**ABOUT THIS TASK**
Present each line of the entries below that holds the word "gdist".

**INPUT**
=== Section Start ===
(* Let $d\ge 2$ and $n\ge 2$ be integers, let $k\ge 0$ be such that $n_k\le n<n_{k+1}$, and let $\lambda(n)=(l_{k+1},l_k,\ldots,l_0)$. Then $$\Delta W(D_{n,d};q)=\sum_{i=0}^k d^iq^{2i+1}+\sum_{i=0}^{k'}d^i(l_i+1)q^{2i+2},$$ where $k'=k-1$ if $n_k\le n<m_k$ and $k'=k$ if $m_k\le n<n_{k+1}$.
   Context: For a connected graph $G$, $W(G;q)=\sum_{\{u,v\}}q^{d(u,v)}$ over unordered pairs of distinct vertices, $d$ the graph distance. The $d$-ary dendrimer $D_{n,d}$ is the tree on vertex set $\{1,\ldots,n\}$ defined inductively: $D_{1,d}$ is the single vertex $1$, and $D_{n,d}$ is obtained from $D_{n-1,d}$ by attaching a new leaf $n$ to the smallest-numbered vertex of $D_{n-1,d}$ having degree $\le d$. Set $\Delta W(D_{n,d};q)=W(D_{n,d};q)-W(D_{n-1,d};q)$. Define $n_k=2+(d+1)\frac{d^k-1}{d-1}$ and $m_k=3+2d\frac{d^k-1}{d-1}$ for $k\ge0$. For a vertex $m$ with $n_k\le m<n_{k+1}$, its label is $\lambda(m)=(l_{k+1},l_k,\ldots,l_0)$ where $0\le l_i<d$ and $\sum_{i=0}^{k+1}l_id^i=m-n_k+(d-1)d^k$ (the base-$d$ digits, possibly with a leading zero). *)

theory Defs
  imports Complex_Main
begin

(* degree of vertex v in the tree on {1..length ps} whose parent list is ps
   (ps ! (u-1) = parent of vertex u, for 2 <= u <= length ps; entry for vertex 1 is a dummy) *)
definition ddeg :: "nat list \<Rightarrow> nat \<Rightarrow> nat" where
  "ddeg ps v = card {u. 2 \<le> u \<and> u \<le> length ps \<and> ps ! (u - 1) = v}
               + (if 2 \<le> v \<and> v \<le> length ps then 1 else 0)"

(* parent list of the d-ary dendrimer D_{m,d}: vertex m+1 attaches to the smallest
   vertex of D_{m,d} of degree <= d *)
fun dpar :: "nat \<Rightarrow> nat \<Rightarrow> nat list" where
  "dpar d 0 = []"
| "dpar d (Suc m) = (let ps = dpar d m in
     ps @ [if m = 0 then 0 else (LEAST v. 1 \<le> v \<and> v \<le> m \<and> ddeg ps v \<le> d)])"

definition dadj :: "nat \<Rightarrow> nat \<Rightarrow> nat \<Rightarrow> nat \<Rightarrow> bool" where
  "dadj d n u v = (let ps = dpar d n in
     1 \<le> u \<and> u \<le> n \<and> 1 \<le> v \<and> v \<le> n \<and>
     ((2 \<le> u \<and> ps ! (u - 1) = v) \<or> (2 \<le> v \<and> ps ! (v - 1) = u)))"

definition gdist :: "('a \<Rightarrow> 'a \<Rightarrow> bool) \<Rightarrow> 'a \<Rightarrow> 'a \<Rightarrow> nat" where
  "gdist E u v = (LEAST k. \<exists>p. length p = Suc k \<and> hd p = u \<and> last p = v \<and>
                     (\<forall>i<k. E (p ! i) (p ! Suc i)))"

definition WD :: "nat \<Rightarrow> nat \<Rightarrow> real \<Rightarrow> real" where
  "WD d n q = (\<Sum>(u, v) \<in> {(u, v). 1 \<le> u \<and> u < v \<and> v \<le> n}. q ^ gdist (dadj d n) u v)"

definition nk :: "nat \<Rightarrow> nat \<Rightarrow> nat" where
  "nk d k = 2 + (d + 1) * ((d ^ k - 1) div (d - 1))"

definition mk :: "nat \<Rightarrow> nat \<Rightarrow> nat" where
  "mk d k = 3 + 2 * d * ((d ^ k - 1) div (d - 1))"

(* i-th base-d digit l_i of the label lambda(m), for n_k <= m < n_{k+1} *)
definition lbl :: "nat \<Rightarrow> nat \<Rightarrow> nat \<Rightarrow> nat \<Rightarrow> nat" where
  "lbl d k m i = ((m - nk d k + (d - 1) * d ^ k) div d ^ i) mod d"

end

theory Submission
  imports Defs
begin
(* Let $m\ge2$ and $f_1,\dots,f_m:X\to\mathbb R_{+\infty}$ with $\bigcap_{i=1}^m\operatorname{dom} f_i\ne\emptyset$. Consider: (i) there is $K>1$ such that $\partial_\varepsilon(\sum_i f_i)(x)\subset\sum_{i=1}^m\partial_{K\varepsilon}f_i(x)$ for all $x\in\bigcap_i\operatorname{dom} f_i$ and $\varepsilon>0$; (ii) there is $K>0$ such that $\operatorname{cl}\big(\sum_{i=1}^m\partial_\varepsilon f_i(x)\big)\subset\sum_{i=1}^m\partial_{K\varepsilon}f_i(x)$ for all $x\in\bigcap_i\operatorname{dom} f_i$ and $\varepsilon>0$; (iii) for all $x\in X$ and $\varepsilon\ge0$, $\partial_\varepsilon(\sum_i f_i)(x)=\bigcap_{\eta>0}\bigcup_{\varepsilon_i\ge0,\ \sum_i\varepsilon_i=\varepsilon+\eta}\sum_{i=1}^m\partial_{\varepsilon_i}f_i(x)$; (iv) $(\sum_{i=1}^m f_i)^*=f_1^*\square\cdots\square f_m^*$; (v) $f_1^*\square\cdots\square f_m^*$ is lower semicontinuous on $\mathcal L$. Then (i)$\Leftrightarrow$(iii)$\Leftrightarrow$(iv)$\Rightarrow$(v)$\Rightarrow$(ii). If moreover, for all $x\in\bigcap_i\operatorname{dom} f_i$ and $\varepsilon\ge0$, $\partial_\varepsilon(\sum_i f_i)(x)=\bigcap_{\eta>0}\operatorname{cl}\big(\bigcup_{\varepsilon_i\ge0,\ \sum_i\varepsilon_i=\varepsilon+\eta}\sum_{i=1}^m\partial_{\varepsilon_i}f_i(x)\big)$ (which holds in particular if $\operatorname{cl}(\sum_i\operatorname{epi} f_i^* )=\operatorname{epi}(\sum_i f_i)^*$), then all five properties are equivalent.
   Context: $X$ is a nonempty set; $\mathbb R_{+\infty}=\mathbb R\cup\{+\infty\}$. $\mathcal L$ is a family of functions $X\to\mathbb R$ closed under pointwise addition and real scalar multiplication, equipped with the pointwise convergence topology (weakest topology making all evaluations $l\mapsto l(x)$ continuous); $\mathcal L\times\mathbb R$ has the product topology; $\operatorname{cl}$ denotes closure. For $f:X\to\mathbb R_{+\infty}$: $\operatorname{dom} f=\{x:f(x)<+\infty\}$; $f^*(l)=\sup_{x\in X}(l(x)-f(x))$; $\operatorname{epi} f^*=\{(l,r):f^*(l)\le r\}$. Infimal convolution: $(g_1\square\cdots\square g_m)(l)=\inf\{\sum_i g_i(l_i):l_i\in\mathcal L,\ \sum_i l_i=l\}$. For $\varepsilon\ge0$ and $x\in\operatorname{dom} f$, $\partial_\varepsilon f(x)=\{l\in\mathcal L: f(y)-f(x)-(l(y)-l(x))+\varepsilon\ge0\ \forall y\in X\}$, and $\emptyset$ if $x\notin\operatorname{dom} f$. Sums of sets are Minkowski sums. *)

theory Defs
  imports "HOL-Analysis.Analysis" "HOL-Library.Function_Algebras"
begin

definition edom :: "('a \<Rightarrow> ereal) \<Rightarrow> 'a set" where
  "edom f = {x. f x < \<infinity>}"

definition fconj :: "('a \<Rightarrow> ereal) \<Rightarrow> ('a \<Rightarrow> real) \<Rightarrow> ereal" where
  "fconj f l = (SUP x. ereal (l x) - f x)"

definition epi :: "('a \<Rightarrow> real) set \<Rightarrow> (('a \<Rightarrow> real) \<Rightarrow> ereal) \<Rightarrow> (('a \<Rightarrow> real) \<times> real) set" where
  "epi L g = {(l, r). l \<in> L \<and> g l \<le> ereal r}"

definition msum :: "nat \<Rightarrow> (nat \<Rightarrow> 'b::comm_monoid_add set) \<Rightarrow> 'b set" where
  "msum m A = {s. \<exists>v. (\<forall>i\<in>{1..m}. v i \<in> A i) \<and> s = (\<Sum>i\<in>{1..m}. v i)}"

definition infconv :: "('a \<Rightarrow> real) set \<Rightarrow> nat \<Rightarrow> (nat \<Rightarrow> ('a \<Rightarrow> real) \<Rightarrow> ereal) \<Rightarrow> ('a \<Rightarrow> real) \<Rightarrow> ereal" where
  "infconv L m g l = (INF v \<in> {v. (\<forall>i\<in>{1..m}. v i \<in> L) \<and> (\<Sum>i\<in>{1..m}. v i) = l}. \<Sum>i\<in>{1..m}. g i (v i))"

definition esubdiff :: "('a \<Rightarrow> real) set \<Rightarrow> ('a \<Rightarrow> ereal) \<Rightarrow> real \<Rightarrow> 'a \<Rightarrow> ('a \<Rightarrow> real) set" where
  "esubdiff L f \<epsilon> x = (if x \<in> edom f then
     {l \<in> L. \<forall>y. f y - f x - ereal (l y - l x) + ereal \<epsilon> \<ge> 0} else {})"
definition psum :: "nat \<Rightarrow> fps_q" where
  "psum r \<alpha> = (if \<exists>i. \<alpha> = Poly_Mapping.single i r then 1 else 0)"

definition pprod :: "nat list \<Rightarrow> fps_q" where
  "pprod lam = foldr sf_mult (map psum lam) sf_one"

text \<open>Sign of omega on p_lambda: omega(p_r) = (-1)^(r-1) p_r, extended multiplicatively.\<close>
definition omega_sign :: "nat list \<Rightarrow> rat" where
  "omega_sign lam = (\<Prod>r\<leftarrow>lam. (-1) ^ (r - 1))"

text \<open>The involution omega on symmetric functions: expand f in the power-sum basis
  (finite rational combination of p_lambda, lambda with positive parts) and apply
  omega linearly.  Well-defined on symmetric functions by linear independence of the p_lambda.\<close>
definition omega :: "fps_q \<Rightarrow> fps_q" where
  "omega f = (SOME g. \<exists>L c. finite L \<and> (\<forall>lam\<in>L. \<forall>r\<in>set lam. 0 < r) \<and>
      f = (\<lambda>\<alpha>. \<Sum>lam\<in>L. c lam * pprod lam \<alpha>) \<and>
      g = (\<lambda>\<alpha>. \<Sum>lam\<in>L. c lam * omega_sign lam * pprod lam \<alpha>))"

definition in_Gamma :: "fps_q \<Rightarrow> bool" where
  "in_Gamma f \<longleftrightarrow> (\<exists>L c. finite L \<and> (\<forall>lam\<in>L. \<forall>r\<in>set lam. odd r) \<and>
      f = (\<lambda>\<alpha>. \<Sum>lam\<in>L. c lam * pprod lam \<alpha>))"

definition simple_graph :: "'a set \<Rightarrow> ('a \<Rightarrow> 'a \<Rightarrow> bool) \<Rightarrow> bool" where
  "simple_graph V E \<longleftrightarrow> finite V \<and> (\<forall>u v. E u v \<longrightarrow> u \<in> V \<and> v \<in> V) \<and>
      (\<forall>u v. E u v \<longrightarrow> E v u) \<and> (\<forall>u. \<not> E u u)"

definition proper_coloring :: "'a set \<Rightarrow> ('a \<Rightarrow> 'a \<Rightarrow> bool) \<Rightarrow> ('a \<Rightarrow> nat) \<Rightarrow> bool" where
  "proper_coloring V E \<kappa> \<longleftrightarrow> \<kappa> \<in> V \<rightarrow>\<^sub>E (UNIV :: nat set) \<and>
      (\<forall>u v. E u v \<longrightarrow> \<kappa> u \<noteq> \<kappa> v)"
lemma commutator_swap:
  "a \<in> carrier G \<Longrightarrow> b \<in> carrier G \<Longrightarrow> commutator G b a = inv (commutator G a b)"
  by (simp add: commutator_def m_assoc inv_mult_group)

lemma commutator_pow_left:
  assumes a: "a \<in> carrier G" and b: "b \<in> carrier G"
    and comm: "commutator G a b \<otimes> a = a \<otimes> commutator G a b"
  shows "commutator G (a [^] (n::nat)) b = commutator G a b [^] n"
proof -
  define s where "s = commutator G a b"
  have s: "s \<in> carrier G" using a b by (simp add: s_def)
  have ab: "a \<otimes> b = s \<otimes> (b \<otimes> a)"
    using mult_eq_commutator_mult[OF a b] by (simp add: s_def)
  have pow: "a [^] n \<otimes> b = s [^] n \<otimes> (b \<otimes> a [^] n)" for n :: nat
  proof (induction n)
    case 0
    then show ?case using b by simp
  next
    case (Suc n)
    have sa: "a [^] n \<otimes> s = s \<otimes> a [^] n"
      using group_commutes_pow[OF _ a s] comm by (simp add: s_def)
    have "a [^] Suc n \<otimes> b = a [^] n \<otimes> (s \<otimes> (b \<otimes> a))"
      using a b s by (simp add: m_assoc ab)
    also have "\<dots> = s \<otimes> (a [^] n \<otimes> b) \<otimes> a"
      using a b s by (simp add: m_assoc[symmetric] sa)
    also have "\<dots> = s \<otimes> (s [^] n \<otimes> (b \<otimes> a [^] n)) \<otimes> a"
      by (simp only: Suc.IH)
    also have "\<dots> = (s \<otimes> s [^] n) \<otimes> (b \<otimes> (a [^] n \<otimes> a))"
      using a b s by (simp add: m_assoc)
    also have "\<dots> = s [^] Suc n \<otimes> (b \<otimes> a [^] Suc n)"
      using nat_pow_Suc2[OF s, of n] by simp
    finally show ?case .
  qed
  show ?thesis
    using commutator_eq_iff[THEN iffD2, OF nat_pow_closed[OF a] b nat_pow_closed[OF s] pow]
    by (simp add: s_def)
qed

lemma nat_pow_commute:
  assumes "x \<in> carrier G" "y \<in> carrier G" "x \<otimes> y = y \<otimes> x"
  shows "x [^] (m::nat) \<otimes> y [^] (n::nat) = y [^] n \<otimes> x [^] m"
  using assms group_commutes_pow[of x y m] group_commutes_pow[of y "x [^] m" n] by simp

lemma pow_mult_commutator:
  assumes a: "a \<in> carrier G" and b: "b \<in> carrier G"
    and comm_a: "commutator G b a \<otimes> a = a \<otimes> commutator G b a"
    and comm_b: "commutator G b a \<otimes> b = b \<otimes> commutator G b a"
  shows "(a \<otimes> b) [^] n = commutator G b a [^] (n choose 2) \<otimes> (a [^] n \<otimes> b [^] n)"
proof (induction n)
  case 0
  then show ?case by (simp add: binomial_eq_0)
next
  case (Suc n)
  define s where "s = commutator G b a"
  define C where "C = n choose 2"
  have s: "s \<in> carrier G" using a b by (simp add: s_def)
  have swap: "b [^] n \<otimes> a = s [^] n \<otimes> (a \<otimes> b [^] n)"
    using mult_eq_commutator_mult[of "b [^] n" a] commutator_pow_left[OF b a comm_b] a b
    by (simp add: s_def)
  have sa: "a [^] n \<otimes> s [^] n = s [^] n \<otimes> a [^] n"
    using nat_pow_commute[OF a s] comm_a by (simp add: s_def)
  have C: "Suc n choose 2 = C + n"
    by (simp add: C_def numeral_2_eq_2)
  have "(a \<otimes> b) [^] Suc n = s [^] C \<otimes> (a [^] n \<otimes> ((b [^] n \<otimes> a) \<otimes> b))"
    using Suc.IH a b s by (simp add: s_def C_def m_assoc)
  also have "\<dots> = s [^] C \<otimes> ((a [^] n \<otimes> s [^] n) \<otimes> (a \<otimes> (b [^] n \<otimes> b)))"
    unfolding swap using a b s by (simp add: m_assoc)
  also have "\<dots> = (s [^] C \<otimes> s [^] n) \<otimes> ((a [^] n \<otimes> a) \<otimes> (b [^] n \<otimes> b))"
    using a b s by (simp add: sa m_assoc)
  also have "\<dots> = s [^] (Suc n choose 2) \<otimes> (a [^] Suc n \<otimes> b [^] Suc n)"
    using s by (simp add: C nat_pow_mult)
  finally show ?case by (simp add: s_def)
qed
text \<open>We peel off the
  leading term of \<open>h\<close>, whose coefficient is the leading coefficient of \<open>g * h\<close>.\<close>

lemma monic_cofactor_in_polys_over:
  assumes g: "lead_coeff g = 1" "g \<in> polys_over S" and gh: "g * h \<in> polys_over S"
  shows "h \<in> polys_over S"
  using gh
proof (induction h rule: measure_induct_rule[where f = degree])
  case (less h)
  interpret P: subring "polys_over S" by (rule polys_over_subring)
  show ?case
  proof (cases "h = 0")
    case False
    define t where "t = monom (lead_coeff h) (degree h)"
    have "lead_coeff h = coeff (g * h) (degree g + degree h)"
      using g(1) by (simp add: coeff_mult_degree_sum)
    then have t: "t \<in> polys_over S"
      using less.prems by (simp add: t_def polys_over_def monom_in_polys_over)
    have "g * (h - t) = g * h - g * t" by (simp add: algebra_simps)
    then have g_rest: "g * (h - t) \<in> polys_over S"
      using less.prems t g(2) by (simp add: P.diff_mem P.mult_mem)
    have "h - t \<in> polys_over S"
    proof (cases "h - t = 0")
      case False
      have "degree (h - t) \<le> degree h"
        unfolding t_def by (rule degree_diff_le) (auto simp: degree_monom_le)
      moreover have "coeff (h - t) (degree h) = 0" by (simp add: t_def)
      ultimately have "degree (h - t) < degree h"
        using False by (metis le_neq_implies_less leading_coeff_0_iff)
      then show ?thesis using less.IH g_rest by blast
    qed simp
    then show ?thesis using P.add_mem[OF _ t] by fastforce
  qed simp
qed

end

lemma Zinv_of_int: "of_int a \<in> Zinv b"
  unfolding Zinv_def by (rule CollectI, rule exI[of _ a], rule exI[of _ 0]) simp

lemma Ints_subset_Zinv: "\<int> \<subseteq> Zinv b"
  by (auto elim: Ints_cases simp: Zinv_of_int)

lemma inverse_in_Zinv: "1 / of_nat b \<in> Zinv b"
  unfolding Zinv_def by (rule CollectI, rule exI[of _ 1], rule exI[of _ 1]) simp

lemma Zinv_subring:
  assumes "b > 0"
  shows "subring (Zinv b)"
proof unfold_locales
  show "0 \<in> Zinv b" "1 \<in> Zinv b" using Zinv_of_int[of 0] Zinv_of_int[of 1] by simp_all
next
  fix x y assume "x \<in> Zinv b" "y \<in> Zinv b"
  then obtain a m a' m' where x: "x = of_int a / of_nat b ^ m" and y: "y = of_int a' / of_nat b ^ m'"
    unfolding Zinv_def by auto
  have "x + y = of_int (a * int b ^ m' + a' * int b ^ m) / of_nat b ^ (m + m')"
    using assms by (simp add: x y field_simps power_add)
  moreover have "x * y = of_int (a * a') / of_nat b ^ (m + m')"
    by (simp add: x y power_add)
  ultimately show "x + y \<in> Zinv b" "x * y \<in> Zinv b" unfolding Zinv_def by blast+
next
  fix x assume "x \<in> Zinv b"
  then obtain a m where "x = of_int a / of_nat b ^ m" unfolding Zinv_def by auto
  then have "- x = of_int (- a) / of_nat b ^ m" by simp
  then show "- x \<in> Zinv b" unfolding Zinv_def by blast
qed

lemma Zinv_poly_eq: "Zinv_poly b = polys_over (Zinv b)"
  by (simp add: Zinv_poly_def polys_over_def)

lemma Zinv_poly_subring: "b > 0 \<Longrightarrow> subring (Zinv_poly b)"
  unfolding Zinv_poly_eq by (rule subring.polys_over_subring[OF Zinv_subring])

lemma cong_cyc_eq: "cong_cyc b n k = cong_mod (Zinv_poly b) (cyclotomic n ^ k)"
  by (intro ext) (simp add: cong_cyc_def cong_mod_def)

text \<open>The embedding is an injective ring
  homomorphism that commutes with composition and reflects divisibility (divisibility over a
  field is decided by the remainder, which is computed over \<open>\<rat>\<close>).\<close>

abbreviation to_complex :: "rat poly \<Rightarrow> complex poly" where
  "to_complex \<equiv> map_poly of_rat"

lemma to_complex_add: "to_complex (p + q) = to_complex p + to_complex q"
  by (rule poly_eqI) (simp add: coeff_map_poly of_rat_add)

lemma to_complex_diff: "to_complex (p - q) = to_complex p - to_complex q"
  by (rule poly_eqI) (simp add: coeff_map_poly of_rat_diff)

lemma to_complex_smult: "to_complex (smult a p) = smult (of_rat a) (to_complex p)"
  by (rule poly_eqI) (simp add: coeff_map_poly of_rat_mult)

lemma to_complex_mult: "to_complex (p * q) = to_complex p * to_complex q"
  by (induction p) (simp_all add: to_complex_add to_complex_smult map_poly_pCons)

lemma to_complex_power: "to_complex (p ^ m) = to_complex p ^ m"
  by (induction m) (simp_all add: to_complex_mult)

lemma to_complex_prod: "to_complex (prod f A) = (\<Prod>x\<in>A. to_complex (f x))"
  by (induction A rule: infinite_finite_induct) (simp_all add: to_complex_mult)

lemma to_complex_pcompose: "to_complex (pcompose p q) = pcompose (to_complex p) (to_complex q)"
  by (induction p) (simp_all add: pcompose_pCons to_complex_add to_complex_mult map_poly_pCons)

lemma to_complex_xn_minus_1: "to_complex (monom 1 n - 1) = monom 1 n - 1"
  by (simp add: to_complex_diff map_poly_monom)

lemma lead_coeff_to_complex: "lead_coeff (to_complex p) = of_rat (lead_coeff p)"
  by (simp add: degree_map_poly coeff_map_poly)

lemma to_complex_inj: "to_complex p = to_complex q \<Longrightarrow> p = q"
  by (rule poly_eqI) (metis coeff_map_poly of_rat_0 of_rat_eq_iff)

lemma to_complex_dvd_iff: "to_complex p dvd to_complex q \<longleftrightarrow> p dvd q"
proof
  assume dvd: "to_complex p dvd to_complex q"
  show "p dvd q"
  proof (cases "p = 0")
    case True
    then show ?thesis using dvd to_complex_inj[of q 0] by simp
  next
    case False
    have "to_complex q = to_complex p * to_complex (q div p) + to_complex (q mod p)"
      by (metis div_mult_mod_eq mult.commute to_complex_add to_complex_mult)
    then have "to_complex p dvd to_complex (q mod p)"
      using dvd by (metis dvd_add_right_iff dvd_triv_left)
    moreover have "q mod p = 0 \<or> degree (q mod p) < degree p"
      using False degree_mod_less by blast
    ultimately have "q mod p = 0"
      using dvd_imp_degree_le[of "to_complex p" "to_complex (q mod p)"] to_complex_inj[of "q mod p" 0]
      by (force simp: degree_map_poly)
    then show ?thesis by (simp add: mod_eq_0_iff_dvd)
  qed
qed (auto simp: to_complex_mult)

lemma prim_root_pow_eq_1_iff:
  assumes "d > 0" "z \<in> prim_roots d"
  shows "z ^ j = 1 \<longleftrightarrow> d dvd j"
proof
  have zd: "z ^ d = 1" using assms(2) by (simp add: prim_roots_def)
  assume j: "z ^ j = 1"
  have "z ^ j = (z ^ d) ^ (j div d) * z ^ (j mod d)"
    by (simp only: power_mult [symmetric] power_add [symmetric] mult_div_mod_eq)
  then have "z ^ (j mod d) = 1" using j zd by simp
  moreover have "j mod d < d" using assms(1) by simp
  ultimately have "j mod d \<notin> {1..<d}" using assms(2) by (auto simp: prim_roots_def)
  then show "d dvd j" using \<open>j mod d < d\<close> by (auto simp: dvd_eq_mod_eq_0)
next
  assume "d dvd j"
  then show "z ^ j = 1" using assms(2) by (auto simp: prim_roots_def power_mult)
qed

lemma prim_roots_nonzero: "d > 0 \<Longrightarrow> z \<in> prim_roots d \<Longrightarrow> z \<noteq> 0"
  by (auto simp: prim_roots_def power_0_left)

lemma prim_roots_finite: "d > 0 \<Longrightarrow> finite (prim_roots d)"
  by (rule finite_subset[OF _ finite_roots_unity[of d]]) (auto simp: prim_roots_def)

lemma prim_roots_disjoint:
  assumes "d > 0" "d' > 0" "z \<in> prim_roots d" "z \<in> prim_roots d'"
  shows "d = d'"
proof (rule dvd_antisym)
  show "d dvd d'" using prim_root_pow_eq_1_iff[OF assms(1,3)] assms(4) by (simp add: prim_roots_def)
  show "d' dvd d" using prim_root_pow_eq_1_iff[OF assms(2,4)] assms(3) by (simp add: prim_roots_def)
qed

lemma prim_root_pow_coprime:
  assumes "d > 0" "z \<in> prim_roots d" "coprime j d"
  shows "z ^ j \<in> prim_roots d"
proof -
  have "(z ^ j) ^ m = 1 \<longleftrightarrow> d dvd m" for m
    using prim_root_pow_eq_1_iff[OF assms(1,2), of "j * m"] assms(3)
    by (simp add: power_mult coprime_dvd_mult_right_iff coprime_commute)
  then show ?thesis unfolding prim_roots_def by (auto dest: dvd_imp_le)
qed

text \<open>An inverse of \<open>b\<close> modulo \<open>n\<close>, in the form needed for natural numbers.\<close>

lemma bezout_coprime:
  assumes "b > 0" "coprime n b"
  obtains c t :: nat where "b * c = 1 + n * t"
proof -
  obtain c t where "b * c = n * t + gcd b n" using bezout_nat[of b n] assms(1) by auto
  then show ?thesis using that assms(2) by (simp add: coprime_iff_gcd_eq_1 gcd.commute)
qed

lemma prim_root_pow_surj:
  assumes "b > 0" "n > 0" "coprime n b" "w \<in> prim_roots n"
  shows "\<exists>z\<in>prim_roots n. z ^ b = w"
proof -
  obtain c t where bc: "b * c = 1 + n * t" using bezout_coprime[OF assms(1,3)] by blast
  have "coprime c n"
  proof (rule coprimeI)
    fix d assume "d dvd c" "d dvd n"
    then have "d dvd b * c - n * t" by (intro dvd_diff_nat) auto
    then show "is_unit d" using bc by simp
  qed
  then have "w ^ c \<in> prim_roots n" by (rule prim_root_pow_coprime[OF assms(2,4)])
  moreover have "(w ^ c) ^ b = w * (w ^ n) ^ t"
    by (simp only: power_mult [symmetric] mult.commute[of c b] bc power_add power_one_right)
  then have "(w ^ c) ^ b = w" using assms(4) by (simp add: prim_roots_def)
  ultimately show ?thesis by blast
qed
=== Section End ===
**RESPONSE TO THE TASK**
definition gdist :: "('a \<Rightarrow> 'a \<Rightarrow> bool) \<Rightarrow> 'a \<Rightarrow> 'a \<Rightarrow> nat" where
  "gdist E u v = (LEAST k. \<exists>p. length p = Suc k \<and> hd p = u \<and> last p = v \<and>
  "WD d n q = (\<Sum>(u, v) \<in> {(u, v). 1 \<le> u \<and> u < v \<and> v \<le> n}. q ^ gdist (dadj d n) u v)"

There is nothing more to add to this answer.